Dahl treated a number of patients for humanitarian reasons when time and space allowed. On the second day he was in Afghanistan, he operated on a teenage boy whose eyes were severely damaged when a bomb exploded. The doctor removed one eye that was destroyed and repaired the other. The teen “has pretty good vision in that eye after we brought him back for a second surgery to remove a cataract caused by the injury.” “There also was an eight-year-old boy who lost one eye when a land mine blew up in his yard. Explosions of land mines left from the war with the Russians in the 1980s happened a lot. I also treated an Afghan nurse who was partially blinded as a child. He just happened to be in the hospital on rotation to learn and needed a prosthesis.” In both cases, Dahl opened the patient’s eyelid and placed an implant in the empty socket to give the face a more normal appearance.

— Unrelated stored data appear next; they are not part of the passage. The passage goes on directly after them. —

(* Let $D$ be a distribution supported on $[0,1]$ with mean $\mu$ and variance $\sigma^2$, and $\epsilon>0$. The sample-reusing mean estimator (described in the context) returns $\hat\mu$ such that with probability at least $1/4$, $|\hat\mu-\mu|\le\epsilon$. Moreover, its expected number of samples is $O\left(\frac{\sigma^2}{\epsilon^2}+\frac1\epsilon\right)$.
   Context: Sample-reusing mean estimator (integer rounding ignored): set $T_1=1+\frac{10}{\epsilon}$; draw i.i.d. $X_1,\dots,X_{T_1}\sim D$; compute $\tilde\mu=\frac1{T_1}\sum_{i=1}^{T_1}X_i$ and $\tilde\sigma^2=\frac1{T_1-1}\sum_{i=1}^{T_1}(X_i-\tilde\mu)^2$; set $T_2=\max\left(\frac{60\tilde\sigma^2}{\epsilon^2}-T_1,0\right)$; draw $T_2$ fresh samples $X_{T_1+1},\dots,X_{T_1+T_2}$; return $\hat\mu=\frac{1}{T_1+T_2}\sum_{i=1}^{T_1+T_2}X_i$. *)

theory Defs
  imports "HOL-Probability.Probability"
begin

text \<open>Samples are modelled as an infinite i.i.d. sequence omega :: nat => real drawn from
  the product measure of copies of D; the estimator reads omega 0, omega 1, ... in order.\<close>

definition T1 :: "real \<Rightarrow> nat" where
  "T1 \<epsilon> = nat \<lceil>1 + 10 / \<epsilon>\<rceil>"

definition emp_mean :: "nat \<Rightarrow> (nat \<Rightarrow> real) \<Rightarrow> real" where
  "emp_mean n \<omega> = (\<Sum>i<n. \<omega> i) / real n"

definition emp_var :: "nat \<Rightarrow> (nat \<Rightarrow> real) \<Rightarrow> real" where
  "emp_var n \<omega> = (\<Sum>i<n. (\<omega> i - emp_mean n \<omega>)^2) / (real n - 1)"

definition T2 :: "real \<Rightarrow> (nat \<Rightarrow> real) \<Rightarrow> nat" where
  "T2 \<epsilon> \<omega> = nat \<lceil>max (60 * emp_var (T1 \<epsilon>) \<omega> / \<epsilon>^2 - real (T1 \<epsilon>)) 0\<rceil>"

definition num_samples :: "real \<Rightarrow> (nat \<Rightarrow> real) \<Rightarrow> nat" where
  "num_samples \<epsilon> \<omega> = T1 \<epsilon> + T2 \<epsilon> \<omega>"

definition estimate :: "real \<Rightarrow> (nat \<Rightarrow> real) \<Rightarrow> real" where
  "estimate \<epsilon> \<omega> = emp_mean (num_samples \<epsilon> \<omega>) \<omega>"

end

theory Submission
  imports Defs
begin

text \<open>
  The total sample size \<open>N = T1 + T2\<close> is a function of the first \<open>T1\<close> samples only, and the
  later samples are independent of them. Hence for every weight \<open>W\<close> depending only on the first
  \<open>T1\<close> samples, the error sum \<open>S = \<Sum>i<N. X i - \<mu>\<close> satisfies
  \<open>E[W S\<^sup>2] = E[W A\<^sup>2] + \<sigma>\<^sup>2 E[W T2]\<close>, where \<open>A\<close> is the error sum of the first block: all cross
  terms vanish. With \<open>W = 1 / (\<epsilon> N)\<^sup>2\<close> on an event \<open>G\<close> on which \<open>N \<ge> L\<close>, Markov's inequality
  bounds the failure probability by \<open>2 \<sigma>\<^sup>2 / (\<epsilon>\<^sup>2 L) + P(\<not> G)\<close>. If \<open>\<sigma>\<^sup>2 \<le> 3 \<epsilon>\<close>, take \<open>G\<close>
  trivial and \<open>L = T1 \<ge> 10 / \<epsilon>\<close>. Otherwise let \<open>G\<close> say that the first block's sum of squared
  deviations and its deviation sum are close to their means (Chebyshev); on \<open>G\<close> the empirical
  variance is at least \<open>\<sigma>\<^sup>2 / 4\<close>, so \<open>L = 15 \<sigma>\<^sup>2 / \<epsilon>\<^sup>2\<close> works. In both cases the failure
  probability is at most \<open>3 / 5\<close>. For the sample size, \<open>E[N] \<le> T1 + 1 + 60 E[emp_var] / \<epsilon>\<^sup>2\<close>
  and \<open>(T1 - 1) E[emp_var] \<le> T1 \<sigma>\<^sup>2\<close>.
\<close>

lemma sum_square_diff_expand:
  fixes x :: "nat \<Rightarrow> real"
  shows "(\<Sum>i<n. (x i - c)\<^sup>2) = (\<Sum>i<n. (x i)\<^sup>2) - 2 * c * (\<Sum>i<n. x i) + real n * c\<^sup>2"
proof -
  have "(\<Sum>i<n. (x i - c)\<^sup>2) = (\<Sum>i<n. (x i)\<^sup>2 - (2 * c) * x i + c\<^sup>2)"
    by (simp add: power2_diff algebra_simps)
  then show ?thesis
    by (simp add: sum.distrib sum_subtractf sum_distrib_left)
qed

lemma sum_square_dev_decomp:
  fixes x :: "nat \<Rightarrow> real"
  assumes "0 < n"
  shows "(\<Sum>i<n. (x i - c)\<^sup>2) = (\<Sum>i<n. (x i - emp_mean n x)\<^sup>2) + (\<Sum>i<n. x i - c)\<^sup>2 / real n"
proof -
  define S where "S = (\<Sum>i<n. x i)"
  have mean: "emp_mean n x = S / n"
    unfolding emp_mean_def S_def ..
  have dev: "(\<Sum>i<n. x i - c) = S - n * c"
    by (simp add: S_def sum_subtractf)
  have "Q - 2 * c * S + real n * c\<^sup>2
        = (Q - 2 * (S / n) * S + real n * (S / n)\<^sup>2) + (S - n * c)\<^sup>2 / real n" for Q
    using assms by (simp add: field_simps power2_eq_square)
  then show ?thesis
    unfolding mean dev sum_square_diff_expand[of x c n] sum_square_diff_expand[of x "S / n" n]
      S_def[symmetric] .
qed

lemma square_add_sum_expand:
  fixes a :: real and x :: "nat \<Rightarrow> real"
  shows "w * (a + (\<Sum>i\<in>J. x i))\<^sup>2
    = w * a\<^sup>2 + (\<Sum>i\<in>J. 2 * (w * a) * x i) + (\<Sum>i\<in>J. \<Sum>j\<in>J. w * x i * x j)"
proof -
  have "(\<Sum>i\<in>J. x i) * (\<Sum>i\<in>J. x i) = (\<Sum>i\<in>J. \<Sum>j\<in>J. x i * x j)"
    by (rule sum_product)
  then have "w * ((\<Sum>i\<in>J. x i) * (\<Sum>i\<in>J. x i)) = (\<Sum>i\<in>J. \<Sum>j\<in>J. w * x i * x j)"
    by (simp add: sum_distrib_left mult.assoc)
  moreover have "(\<Sum>i\<in>J. 2 * (w * a) * x i) = 2 * w * a * (\<Sum>i\<in>J. x i)"
    by (simp add: sum_distrib_left mult.assoc)
  ultimately show ?thesis
    by (simp add: power2_eq_square algebra_simps)
qed

lemma sum_if_less_atLeastLessThan:
  fixes m n k :: nat
  assumes "m \<le> n + k"
  shows "(\<Sum>i\<in>{n..<n + k}. if i < m then f i else 0) = (\<Sum>i\<in>{n..<m}. f i)"
proof -
  have "(\<Sum>i\<in>{n..<n + k}. if i < m then f i else 0) = (\<Sum>i\<in>{i\<in>{n..<n + k}. i < m}. f i)"
    by (rule sum.inter_filter[symmetric]) simp
  also have "{i\<in>{n..<n + k}. i < m} = {n..<m}"
    using assms by auto
  finally show ?thesis .
qed

definition unit_cube :: "nat set \<Rightarrow> (nat \<Rightarrow> real) \<Rightarrow> bool" where
  "unit_cube I \<omega> \<longleftrightarrow> (\<forall>i\<in>I. 0 \<le> \<omega> i \<and> \<omega> i \<le> 1)"

lemma emp_var_nonneg: "2 \<le> n \<Longrightarrow> 0 \<le> emp_var n x"
  unfolding emp_var_def by (intro divide_nonneg_nonneg sum_nonneg) auto

lemma emp_var_le_half:
  assumes n: "2 \<le> n" and x: "unit_cube {..<n} x"
  shows "emp_var n x \<le> 1/2"
proof -
  have "(\<Sum>i<n. (x i - emp_mean n x)\<^sup>2) \<le> (\<Sum>i<n. (x i - 1/2)\<^sup>2)"
    using sum_square_dev_decomp[of n x "1/2"] n by simp
  also have "\<dots> \<le> (\<Sum>i<n. 1/4)"
  proof (rule sum_mono)
    fix i assume "i \<in> {..<n}"
    then have "x i * (x i - 1) \<le> 0"
      using x unfolding unit_cube_def by (intro mult_nonneg_nonpos) auto
    then show "(x i - 1/2)\<^sup>2 \<le> 1/4"
      by (simp add: power2_eq_square algebra_simps)
  qed
  finally have "(\<Sum>i<n. (x i - emp_mean n x)\<^sup>2) \<le> real n / 4"
    by simp
  then have "emp_var n x \<le> (real n / 4) / (real n - 1)"
    unfolding emp_var_def using n by (intro divide_right_mono) auto
  also have "\<dots> \<le> 1/2"
    using n by (simp add: field_simps)
  finally show ?thesis .
qed

lemma emp_mean_restrict: "emp_mean n (restrict x {..<n}) = emp_mean n x"
  unfolding emp_mean_def by simp

lemma emp_var_restrict: "emp_var n (restrict x {..<n}) = emp_var n x"
  unfolding emp_var_def emp_mean_restrict by simp

lemma T1_lower: "0 < \<epsilon> \<Longrightarrow> 1 + 10 / \<epsilon> \<le> real (T1 \<epsilon>)"
  unfolding T1_def by (simp add: le_of_int_ceiling)

lemma T1_upper: "0 < \<epsilon> \<Longrightarrow> real (T1 \<epsilon>) \<le> 2 + 10 / \<epsilon>"
  unfolding T1_def using ceiling_correct[of "1 + 10 / \<epsilon>"]
  by (simp add: add_pos_pos less_imp_le)

lemma two_le_T1:
  assumes "0 < \<epsilon>"
  shows "2 \<le> T1 \<epsilon>"
proof -
  have "1 < real (T1 \<epsilon>)"
    using T1_lower[OF assms] divide_pos_pos[of 10 \<epsilon>] assms by linarith
  then show ?thesis
    by linarith
qed

lemma T2_restrict: "T2 \<epsilon> (restrict x {..<T1 \<epsilon>}) = T2 \<epsilon> x"
  unfolding T2_def emp_var_restrict ..

lemma T2_lower: "60 * emp_var (T1 \<epsilon>) x / \<epsilon>\<^sup>2 \<le> real (T1 \<epsilon>) + real (T2 \<epsilon> x)"
  unfolding T2_def by (simp add: le_of_int_ceiling) linarith
lemma harmonic_xtilde:
  assumes hom: "homogeneous d \<psi>" and harm: "lap etaI \<psi> = (\<lambda>_. 0)"
    and "2 * d + int CARD('n) \<noteq> 2"
  shows "lap etaI (xtilde eta etaI a \<psi>) = (\<lambda>_. 0)"
proof -
  define \<kappa> :: complex where "\<kappa> = inverse (2 - 2 * of_int d - of_nat CARD('n))"
  have "(2 - 2 * of_int d - of_nat CARD('n) :: complex) = of_int (2 - 2 * d - int CARD('n))"
    by simp
  with assms(3) have nonzero: "(2 - 2 * of_int d - of_nat CARD('n) :: complex) \<noteq> 0"
    by (simp only: of_int_eq_0_iff)
  have "lap etaI (xtilde eta etaI a \<psi>)
      = (\<lambda>m. lap etaI (mulx a \<psi>) m + \<kappa> * lap etaI (mulQ eta (pdup etaI a \<psi>)) m)"
    unfolding xtilde_homogeneous[OF hom] \<kappa>_def
    by (simp add: cpoly_linear_add[OF cpoly_linear_lap] cpoly_linear_scale[OF cpoly_linear_lap])
  also have "\<dots> = (\<lambda>m. (2 + \<kappa> * (2 * of_nat CARD('n) + 4 * of_int (d - 1))) * pdup etaI a \<psi> m)"
    unfolding lap_mulx lap_mulQ[OF homogeneous_pdup[OF hom]] harm lap_pdup
      cpoly_linear_zero[OF cpoly_linear_mulx] cpoly_linear_zero[OF cpoly_linear_pdup]
      cpoly_linear_zero[OF cpoly_linear_mulQ]
    by (simp add: algebra_simps)
  also have "2 + \<kappa> * (2 * of_nat CARD('n) + 4 * of_int (d - 1)) = 0"
    unfolding \<kappa>_def using nonzero by (simp add: field_simps)
  finally show ?thesis by simp
qed

lemma harmonic_xtilde_word:
  assumes "CARD('n) \<ge> 3"
  shows "lap etaI (foldr (xtilde eta etaI) as pone) = (\<lambda>_. 0)"
proof (induction as)
  case Nil
  show ?case by (simp add: lap_pone)
next
  case (Cons a as)
  have "2 * int (length as) + int CARD('n) \<noteq> 2" using assms by linarith
  then show ?case using harmonic_xtilde[OF homogeneous_xtilde_word Cons.IH] by simp
qed

lemma harmonic_tildeOf:
  assumes "CARD('n) \<ge> 3"
  shows "lap etaI (tildeOf eta etaI l c) = (\<lambda>_. 0)"
  unfolding tildeOf_def
  by (simp add: cpoly_linear_sum[OF cpoly_linear_lap finite_lists_length]
      cpoly_linear_scale[OF cpoly_linear_lap] harmonic_xtilde_word[OF assms])

end

theorem mainTheorem9:
  fixes eta etaI :: "'n::finite \<Rightarrow> 'n \<Rightarrow> complex"
    and l :: nat and c :: "'n list \<Rightarrow> complex"
  assumes n3: "CARD('n) \<ge> 3"
    and sym: "\<And>a b. eta a b = eta b a"
    and inv1: "\<And>a c. (\<Sum>b\<in>UNIV. eta a b * etaI b c) = (if a = c then 1 else 0)"
    and inv2: "\<And>a c. (\<Sum>b\<in>UNIV. etaI a b * eta b c) = (if a = c then 1 else 0)"
    and harm: "lap etaI (polyOf l c) = (\<lambda>_. 0)"
  shows "tildeOf eta etaI l c = polyOf l c"
proof -
  interpret nondegenerate_metric eta etaI
    by unfold_locales (fact sym inv2)+
  obtain T where hom_T: "homogeneous (int l - 2) T"
    and eq: "tildeOf eta etaI l c = (\<lambda>m. polyOf l c m + mulQ eta T m)"
    using tildeOf_mod_mulQ by blast
  have "lap etaI (tildeOf eta etaI l c) = (\<lambda>m. lap etaI (polyOf l c) m + lap etaI (mulQ eta T) m)"
    unfolding eq by (rule cpoly_linear_add[OF cpoly_linear_lap])
  then have "lap etaI (mulQ eta T) = (\<lambda>_. 0)"
    using harmonic_tildeOf[OF n3] harm by (simp add: fun_eq_iff)
  then have "mulQ eta T = (\<lambda>_. 0)"
    using harmonic_mulQ_power_eq_zero[OF hom_T, of 0] by simp
  with eq show ?thesis by simp
qed

end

The incidence of eye injuries has increased with each war since the Civil War, he said. In the conflict in Afghanistan, 10 to 15 percent of war-related injuries involve the eyes.  Dahl explained that soldiers live through more blasts due to advances in body armor.  The face and extremities are most exposed and are often injured.  Also, the munitions do a better job at spreading shrapnel than in the past.

Dahl left the Air Force and went into private practice in Oak Ridge two years ago. He never considered a career in the Air Force. “The longer you’re in, the more administrative work you do. I want to see patients.”